Appellant argues that coverage provided by the Federal policy in this case is inadequate under the Escrow Agent Registration Act. Escrow agents and employees engaged in escrow transactions must maintain an errors and omissions insurance policy providing aggregate coverage of at least $50,000. RCW 18.44.050. For the purposes of RCW 18.44.050

an "errors and omissions policy" shall mean a group or individual insurance policy satisfactory to the director and issued by an insurer authorized to transact insurance business in the state of Washington. Such policy shall provide coverage for unintentional errors and omissions of the escrow agent and its employees, and may be canceled by the insurer upon delivery of thirty days' written notice to the director and to the escrow agent.

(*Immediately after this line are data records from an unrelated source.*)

(* Let $H=-\frac{\hbar^2}{2}\Delta+V$ on $L^2(\mathbb R^d)$ with $V$ a smooth real potential such that all expressions below are defined. If $u(t)=u(\theta(t),q(t),p(t))$ is a McLachlan or Kramer--Saraceno solution on the frozen Gaussian manifold $\mathcal M$ (with $C^1$ parameters), then $$\dot q(t)=\frac{\hbar}{2\delta^2}p(t),\qquad \dot p(t)=-\frac\delta\hbar\langle u(t)\,|\,(\nabla V)u(t)\rangle .$$
   Context: Fix $\delta>0$, $\hbar>0$. $\mathcal M=\{u(\theta,q,p)\}$ with $u(\theta,q,p)(x)=(2\pi\delta^2)^{-d/4}\exp\big(i\theta-\frac{1}{4\delta^2}|x-2\delta q|^2+\frac i\delta p\cdot(x-\delta q)\big)$, $\theta\in\mathbb R$, $q,p\in\mathbb R^d$; $\mathcal T_u\mathcal M$ is the real span of the partial derivatives in $(\theta,q,p)$. A McLachlan (resp. Kramer--Saraceno) solution is a $C^1$ curve $u(t)\in\mathcal M\cap D(H)$ with $\dot u(t)\in\mathcal T_{u(t)}\mathcal M$ and $\mathrm{Re}\langle v|\dot u-\frac1{i\hbar}Hu\rangle=0$ (resp. $\mathrm{Im}\langle v|\dot u-\frac1{i\hbar}Hu\rangle=0$) for all $v\in\mathcal T_{u(t)}\mathcal M$. Inner products are antilinear in the first argument; $\langle u|(\nabla V)u\rangle\in\mathbb R^d$ is componentwise. *)

theory Defs
  imports "HOL-Analysis.Analysis"
begin

text \<open>Euclidean space R^d is modelled by an arbitrary type 'a :: euclidean_space,
  d = DIM('a). Wave functions are functions 'a \<Rightarrow> complex.\<close>

definition gwp :: "real \<Rightarrow> real \<Rightarrow> 'a::euclidean_space \<Rightarrow> 'a \<Rightarrow> 'a \<Rightarrow> complex" where
  "gwp \<delta> \<theta> q p x =
     complex_of_real ((2 * pi * \<delta>\<^sup>2) powr (- real DIM('a) / 4)) *
     exp (\<i> * complex_of_real \<theta>
          - complex_of_real ((norm (x - (2 * \<delta>) *\<^sub>R q))\<^sup>2 / (4 * \<delta>\<^sup>2))
          + \<i> * complex_of_real ((p \<bullet> (x - \<delta> *\<^sub>R q)) / \<delta>))"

See also WAC 308-128F-020.

[4] Appellant argues that the Federal policy and claims-made policies in general do not provide the mandated coverage because, even though the policy was in effect at the time of appellant's alleged error or omission, the policy does not provide coverage for Safeco's claim based on that alleged error. Appellant's argument is without merit. Claims-made policies in general do not violate public policy. See, e.g., Breaux v. St. Paul Fire & Marine Ins. Co., 326 So. 2d 891 (La. Ct. App. 1976); Rotwein v. General Accident Group, 103 N.J. Super. 406, 247 A.2d 370, 376 (1968). RCW 18.44.050 requires escrow agents to carry professional liability coverage for errors and omissions. RCW 18.44.050. The act does not purport to require insurers to offer such coverage. In fact, it permits the director to waive *341 the errors and omissions requirement if it appears such a "policy is not reasonably available". RCW 18.44.360. Thus, it is clear that the thrust of the act is not to mandate that insurers provide a particular kind of coverage; instead, the apparent purpose of the provision is to require agents to carry some type of professional liability coverage.

The reason appellant did not have coverage under this policy is not because the coverage of the policy itself was inadequate under RCW 18.44.050. Rather, appellant did not have coverage because (1) no claim was made during the policy period; (2) neither appellant nor First Washington notified respondent during the policy period of the known facts and circumstances here that might lead to a claim, thus preserving coverage under the claims after termination clause; and (3) neither appellant nor First Washington chose to purchase "Discovery Period Extension" coverage available from this insurer and explained in appellant's policy to cover additional claims made after the termination based on acts occurring within the original policy period.[1] The policy here potentially provided full coverage for appellant under the facts of this case. The fact that coverage was not provided was a result of appellant's failure to notify respondent of the facts and circumstances that might lead to a claim. Accordingly, there is no basis for concluding that this policy provided statutorily inadequate coverage.

The judgment of the trial court is affirmed.

WEBSTER and WINSOR, JJ., concur.

Reconsideration denied July 26, 1989.

Review denied at 113 Wash. 2d 1026 (1989).

NOTES

[1] We note that generally when an insured's claims-made policy is terminated or lapses, the insured purchases additional "tail" coverage against future claims arising from occurrences within the claims-made period. R. Keeton & A. Widiss, Insurance Law § 5.10(d)(3), at 598 (1988).